Alcides Edgardo Ghiggia (born 22 December 1926 in Montevideo, Uruguay) is a former football player. He achieved lasting fame due to his decisive role in the final match of the 1950 World Cup.
Ghiggia, an excellent dribbler on the right wing, 1,69 m short and 62 kg light, is considered one of the best wingers of the 1950s. The World Cup winner of 1950 played for the national sides of Uruguay and Italy. He also played for the club sides of the Peñarol and Danubio in Montevideo and AS Roma and AC Milan in Italy.
Club career
In 1948 Ghiggia got the opportunity to play for the Uruguayan top side CA Peñarol where was soon regarded indispensable. By 1949 he won his first national championship. A second one followed in 1951.
At the beginning of the European 1953/54 season Ghiggia moved to AS Roma in the Italian Serie A, where he was even team captain in 1957/58. With Roma he won the 1961 Inter-Cities Fairs Cup, the precursor to the UEFA Cup, albeit he took no part in the finals against Birmingham City. With almost 35 years of age he was then the oldest player of his team.
In eight seasons he played 201 Serie A matches for Roma scoring 15 goals. The best league ranking in this period was third place in 1955.
In 1961 he moved to AC Milan for a year and won the Scudetto, the Italian championship, with the rossoneri, albeit only playing four league matches in the whole season. After this he left Milan to return to his home country.
After his return to Montevideo Ghiggia joined the then minor first division club Danubio FC. Without adding to his collection of titles he eventually retired from the game in the late 1960s, aged 41.
International career
Uruguay
The right winger of CA Peñarol of Montevideo became a legend of Uruguayan and world football when he scored the decisive goal in the de-facto final of the World Cup 1950 in the Maracanã Stadium of Rio de Janeiro in front of a crowd of about 200,000 against the highly fancied home side Brazil.
The hosts only needed a draw to secure the world title and well into the second half led the match 1-0. After about an hour Uruguay managed to equalise through a goal by Juan Alberto Schiaffino, but it was Ghiggia ten minutes before the end who sent South America's largest nation into collective misery when he overcame Brazil's goalkeeper Barbosa, who in the eyes of some, looked not at his very best in this situation.
In Brazilian folklore this match remains alive as the Maracanaço.
Roberto Muylaert, the biographer of the Brazilian goalkeepper, compares the black and white film of this goal with Abraham Zapruder's chance images of the Kennedy assassination in Dallas. The goal and the shot that killed the US President have "the same dramatic pattern… the same movement… the same precision of an unstoppable trajectory…. They even have the dust in common that was stirred up, here by a rifle and there by Ghiggia's left foot."

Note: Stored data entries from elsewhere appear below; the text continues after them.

(* Let $t\in\mathbb{R}$, $\mu>0$, $\sigma>0$ and $\lambda>(\mu-t)_-$. Let $\mathcal{L}_{S,\lambda}(\mu,\sigma)$ be the set of symmetric probability distributions $F$ on $\mathbb{R}$ with $\mathbb{E}^F[X]=\mu$, $\mathbb{E}^F[X^2]=\mu^2+\sigma^2$ and $\mathbb{E}^F[(X-t)_-]\le\lambda$, and let $\mathcal{L}_{6,S,\lambda}(\mu,\sigma)$ be the subset of $\mathcal{L}_{S,\lambda}(\mu,\sigma)$ consisting of six-point distributions. Then \[ \sup_{F\in\mathcal{L}_{S,\lambda}(\mu,\sigma)}\mathbb{E}^F[(X-t)_+^2]=\sup_{F\in\mathcal{L}_{6,S,\lambda}(\mu,\sigma)}\mathbb{E}^F[(X-t)_+^2], \] i.e., the two optimization problems are equivalent.
   Context: For $x\in\mathbb{R}$, $(x)_+=\max\{x,0\}$, $(x)_-=\max\{-x,0\}$. A $k$-point distribution ($k\ge2$) is the law of a random variable $X$ with $\mathbb{P}(X=x_i)=p_i$, $i=1,\dots,k$, where $0\le p_i<1$ and $\sum_i p_i=1$ (so a $k$-point distribution may have fewer than $k$ atoms). A distribution of $X$ is symmetric if there is $a\in\mathbb{R}$ with $\mathbb{P}(X-a>x)=\mathbb{P}(X-a<-x)$ for all $x\in\mathbb{R}$. *)

theory Defs
  imports "HOL-Probability.Probability"
begin

definition pos_part :: "real \<Rightarrow> real" where "pos_part x = max x 0"
definition neg_part :: "real \<Rightarrow> real" where "neg_part x = max (- x) 0"

definition real_dist :: "real measure \<Rightarrow> bool" where
  "real_dist M \<longleftrightarrow> prob_space M \<and> sets M = sets borel"

definition symmetric_dist :: "real measure \<Rightarrow> bool" where
  "symmetric_dist M \<longleftrightarrow> (\<exists>a. \<forall>x. measure M {y. y - a > x} = measure M {y. y - a < - x})"

definition k_point_dist :: "nat \<Rightarrow> real measure \<Rightarrow> bool" where
  "k_point_dist k M \<longleftrightarrow> (\<exists>(x::nat \<Rightarrow> real) (p::nat \<Rightarrow> real).
     inj_on x {..<k} \<and> (\<forall>i<k. 0 \<le> p i \<and> p i < 1) \<and> (\<Sum>i<k. p i) = 1 \<and>
     (\<forall>i<k. measure M {x i} = p i))"

definition L_S :: "real \<Rightarrow> real \<Rightarrow> real \<Rightarrow> real \<Rightarrow> real measure set" where
  "L_S t \<mu> \<sigma> lam = {M. real_dist M \<and> symmetric_dist M \<and>
      integrable M (\<lambda>x. x) \<and> integrable M (\<lambda>x. x ^ 2) \<and>
      (\<integral>x. x \<partial>M) = \<mu> \<and> (\<integral>x. x ^ 2 \<partial>M) = \<mu> ^ 2 + \<sigma> ^ 2 \<and>
      (\<integral>x. neg_part (x - t) \<partial>M) \<le> lam}"

definition L6_S :: "real \<Rightarrow> real \<Rightarrow> real \<Rightarrow> real \<Rightarrow> real measure set" where
  "L6_S t \<mu> \<sigma> lam = {M \<in> L_S t \<mu> \<sigma> lam. k_point_dist 6 M}"

end

theory Submission
  imports Defs
begin

(* A symmetric law with mean mu is invariant under x |-> 2 mu - x, so E f(X) = E g(|X - mu|), where
   g is the even part of f about mu. For c = |t - mu| the even parts of x, x^2, (x - t)_- and
   (x - t)_+^2 are even quadratics on [0, c] and quadratics in y - c on [c, oo). Their
   expectations therefore depend only on five moments of Y = |X - mu|: P(Y < c), E[Y^2; Y < c],
   P(Y >= c), E[Y - c; Y >= c] and E[(Y - c)^2; Y >= c]. A law of Y with one atom in [0, c], one
   at c and one in [c, oo) has the same five moments (Cauchy-Schwarz makes the outer pair of
   atoms possible), and its symmetrisation about mu is a six-point distribution in the same
   feasible set with the same objective value. *)

lemma real_dist_imp_real_distribution: "real_dist M \<Longrightarrow> real_distribution M"
  by (simp add: real_dist_def real_distribution_def real_distribution_axioms_def)

lemma k_point_distI:
  assumes M: "real_dist M" and S: "finite S" "card S \<le> k" "measure M S = 1"
    and no_full_atom: "\<And>z. measure M {z} < 1"
  shows "k_point_dist k M"
proof -
  interpret real_distribution M using M by (rule real_dist_imp_real_distribution)
  obtain B where B: "B \<subseteq> - S" "finite B" "card B = k - card S"
    using infinite_arbitrarily_large[of "- S"] S(1) infinite_UNIV_char_0[where 'a=real]
    by (metis Compl_eq_Diff_UNIV Diff_infinite_finite)
  define T where "T = S \<union> B"
  have "S \<inter> B = {}" using B(1) by auto
  then have T: "finite T" "card T = k"
    using B S by (auto simp: T_def card_Un_disjoint)
  obtain h where h: "bij_betw h {..<k} T"
    using ex_bij_betw_nat_finite[OF T(1)] T(2) by (auto simp: lessThan_atLeast0)
  have T_sets: "T \<in> sets M" using T(1) by (simp add: finite_imp_closed)
  have "measure M S \<le> measure M T"
    using T_sets by (intro finite_measure_mono) (auto simp: T_def)
  then have "measure M T = 1" using S(3) prob_le_1[of T] by simp
  moreover have "measure M T = (\<Sum>y\<in>T. measure M {y})"
    using T(1) by (intro finite_measure_eq_sum_singleton) auto
  moreover have "\<dots> = (\<Sum>i<k. measure M {h i})"
    using sum.reindex_bij_betw[OF h, of "\<lambda>y. measure M {y}"] by simp
  ultimately show ?thesis
    unfolding k_point_dist_def using h no_full_atom
    by (intro exI[of _ h] exI[of _ "\<lambda>i. measure M {h i}"]) (auto simp: bij_betw_def)
qed

lemma singleton_measure_less_one:
  assumes M: "real_dist M" and "integrable M (\<lambda>x. x)" "integrable M (\<lambda>x. x\<^sup>2)"
    and variance_pos: "(\<integral>x. x \<partial>M)\<^sup>2 < (\<integral>x. x\<^sup>2 \<partial>M)"
  shows "measure M {z} < 1"
proof (rule ccontr)
  interpret real_distribution M using M by (rule real_dist_imp_real_distribution)
  assume "\<not> measure M {z} < 1"
  then have ae: "AE x in M. x \<in> {z}"
    using prob_le_1[of "{z}"] by (intro AE_prob_1) auto
  have "(\<integral>x. x \<partial>M) = (\<integral>x. z \<partial>M)" "(\<integral>x. x\<^sup>2 \<partial>M) = (\<integral>x. z\<^sup>2 \<partial>M)"
    using ae by (intro integral_cong_AE; auto)+
  then have "(\<integral>x. x \<partial>M) = z" "(\<integral>x. x\<^sup>2 \<partial>M) = z\<^sup>2"
    using prob_space by simp_all
  with variance_pos show False by simp
qed

(* The law of x I for an index I with P(I = i) = p i; indexing keeps coinciding atoms apart. *)
definition finite_dist :: "nat \<Rightarrow> (nat \<Rightarrow> real) \<Rightarrow> (nat \<Rightarrow> real) \<Rightarrow> real measure" where
  "finite_dist n x p = distr (measure_pmf (pmf_of_list (map (\<lambda>i. (i, p i)) [0..<n]))) borel x"

lemma sets_finite_dist [simp, measurable_cong]: "sets (finite_dist n x p) = sets borel"
  by (simp add: finite_dist_def)

lemma real_dist_finite_dist: "real_dist (finite_dist n x p)"
  unfolding finite_dist_def real_dist_def
  by (auto intro!: prob_space.prob_space_distr prob_space_measure_pmf)

context
  fixes n :: nat and p :: "nat \<Rightarrow> real"
  assumes nonneg: "\<And>i. i < n \<Longrightarrow> 0 \<le> p i" and sum_one: "(\<Sum>i<n. p i) = 1"
begin

private lemma index_pmf_wf: "pmf_of_list_wf (map (\<lambda>i. (i, p i)) [0..<n])"
  using nonneg sum_one by (auto simp: pmf_of_list_wf_def sum_list_sum_nth lessThan_atLeast0)

private lemma pmf_index: "pmf (pmf_of_list (map (\<lambda>i. (i, p i)) [0..<n])) i
    = (if i < n then p i else 0)"
  using index_pmf_wf
  by (simp add: pmf_pmf_of_list filter_map o_def sum_list_map_filter' sum_list_distinct_conv_sum_set
      lessThan_atLeast0[symmetric])

lemma integral_finite_dist:
  fixes f :: "real \<Rightarrow> real"
  assumes "f \<in> borel_measurable borel"
  shows "(\<integral>z. f z \<partial>finite_dist n x p) = (\<Sum>i<n. p i * f (x i))"
proof -
  have "(\<integral>z. f z \<partial>finite_dist n x p) = (\<integral>i. f (x i) \<partial>pmf_of_list (map (\<lambda>i. (i, p i)) [0..<n]))"
    using assms by (simp add: finite_dist_def integral_distr)
  also have "\<dots> = (\<Sum>i<n. f (x i) * p i)"
    by (subst integral_measure_pmf_real[where A = "{..<n}"])
       (auto simp: set_pmf_eq pmf_index split: if_splits)
  finally show ?thesis by (simp add: mult.commute)
qed

lemma integrable_finite_dist:
  fixes f :: "real \<Rightarrow> real"
  assumes "f \<in> borel_measurable borel"
  shows "integrable (finite_dist n x p) f"
proof -
  let ?P = "pmf_of_list (map (\<lambda>i. (i, p i)) [0..<n])"
  have "integrable (measure_pmf ?P) (\<lambda>i. f (x i))"
    by (intro integrable_measure_pmf_finite finite_set_pmf_of_list index_pmf_wf)
  then show ?thesis
    using integrable_distr_eq[of x "measure_pmf ?P" borel f] assms by (simp add: finite_dist_def)
qed

lemma measure_finite_dist:
  assumes "A \<in> sets borel"
  shows "measure (finite_dist n x p) A = (\<Sum>i<n. p i * indicator A (x i))"
  using integral_finite_dist[of "indicator A" x] assms by simp

lemma k_point_dist_finite_dist:
  assumes "\<And>z. measure (finite_dist n x p) {z} < 1"
  shows "k_point_dist n (finite_dist n x p)"
proof (rule k_point_distI[OF real_dist_finite_dist])
  show "finite (x ` {..<n})" "card (x ` {..<n}) \<le> n"
    using card_image_le[of "{..<n}" x] by auto
  show "measure (finite_dist n x p) (x ` {..<n}) = 1"
    using sum_one by (simp add: measure_finite_dist finite_imp_closed)
qed (use assms in blast)

end

definition even_part :: "real \<Rightarrow> (real \<Rightarrow> real) \<Rightarrow> real \<Rightarrow> real" where
  "even_part \<mu> f y = (f (\<mu> + y) + f (\<mu> - y)) / 2"

lemma even_part_abs: "even_part \<mu> f \<bar>x - \<mu>\<bar> = (f x + f (2 * \<mu> - x)) / 2"
  by (cases "x \<le> \<mu>") (simp_all add: even_part_def abs_if add.commute)

definition sym_finite_dist :: "real \<Rightarrow> nat \<Rightarrow> (nat \<Rightarrow> real) \<Rightarrow> (nat \<Rightarrow> real) \<Rightarrow> real measure" where
  "sym_finite_dist \<mu> n r w =
     finite_dist (2 * n) (\<lambda>i. if even i then \<mu> + r (i div 2) else \<mu> - r (i div 2))
       (\<lambda>i. w (i div 2) / 2)"

lemma sum_lessThan_double: "(\<Sum>i<2 * n. g i) = (\<Sum>j<n. g (2 * j) + g (2 * j + 1))"
  for g :: "nat \<Rightarrow> 'a::comm_monoid_add"
  by (induction n) (simp_all add: ac_simps)

context
  fixes n :: nat and w :: "nat \<Rightarrow> real"
  assumes nonneg: "\<And>j. j < n \<Longrightarrow> 0 \<le> w j" and sum_one: "(\<Sum>j<n. w j) = 1"
begin

private lemma halved_weights:
  "\<And>i. i < 2 * n \<Longrightarrow> 0 \<le> w (i div 2) / 2" "(\<Sum>i<2 * n. w (i div 2) / 2) = 1"
  using nonneg sum_one by (auto simp: sum_lessThan_double)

Moacir Barbosa, who was blamed for the defeat and especially Ghiggia's goal was to suffer for a long time in the aftermath of this match. Life became a torture for him. In 2000, shortly before his death, he said in an interview: "The maximum punishment in Brazil is 30 years imprisonment, but I have been paying, for something I am not even responsible for, by now for 50 years."
Ghiggia was amazed when he travelled to Brazil half a century after the event and a female customs officer in her twenties asked him if he were the Ghiggia. Ghiggia answered, "yes, but all that happened 50 years ago". She replied: "we in Brazil still feel this moment as if it were today".
In the course of the 1950 World Cup tournament Ghiggia scored a goal in each of his matches. Those four goals remained the only ones scored in his total 12 matches played for Uruguay between 1950 and 1952.
Italy
After Ghiggia became a naturalized Italian citizen in 1957 he played between 1957-1959 for the national side of his adopted country. Three matches he played in the course of the ill-fated qualification for the World Cup 1958 in Sweden when Italy failed for the first time to make it to the final tournament of a World Cup. In his altogether five matches for Italy he scored one goal.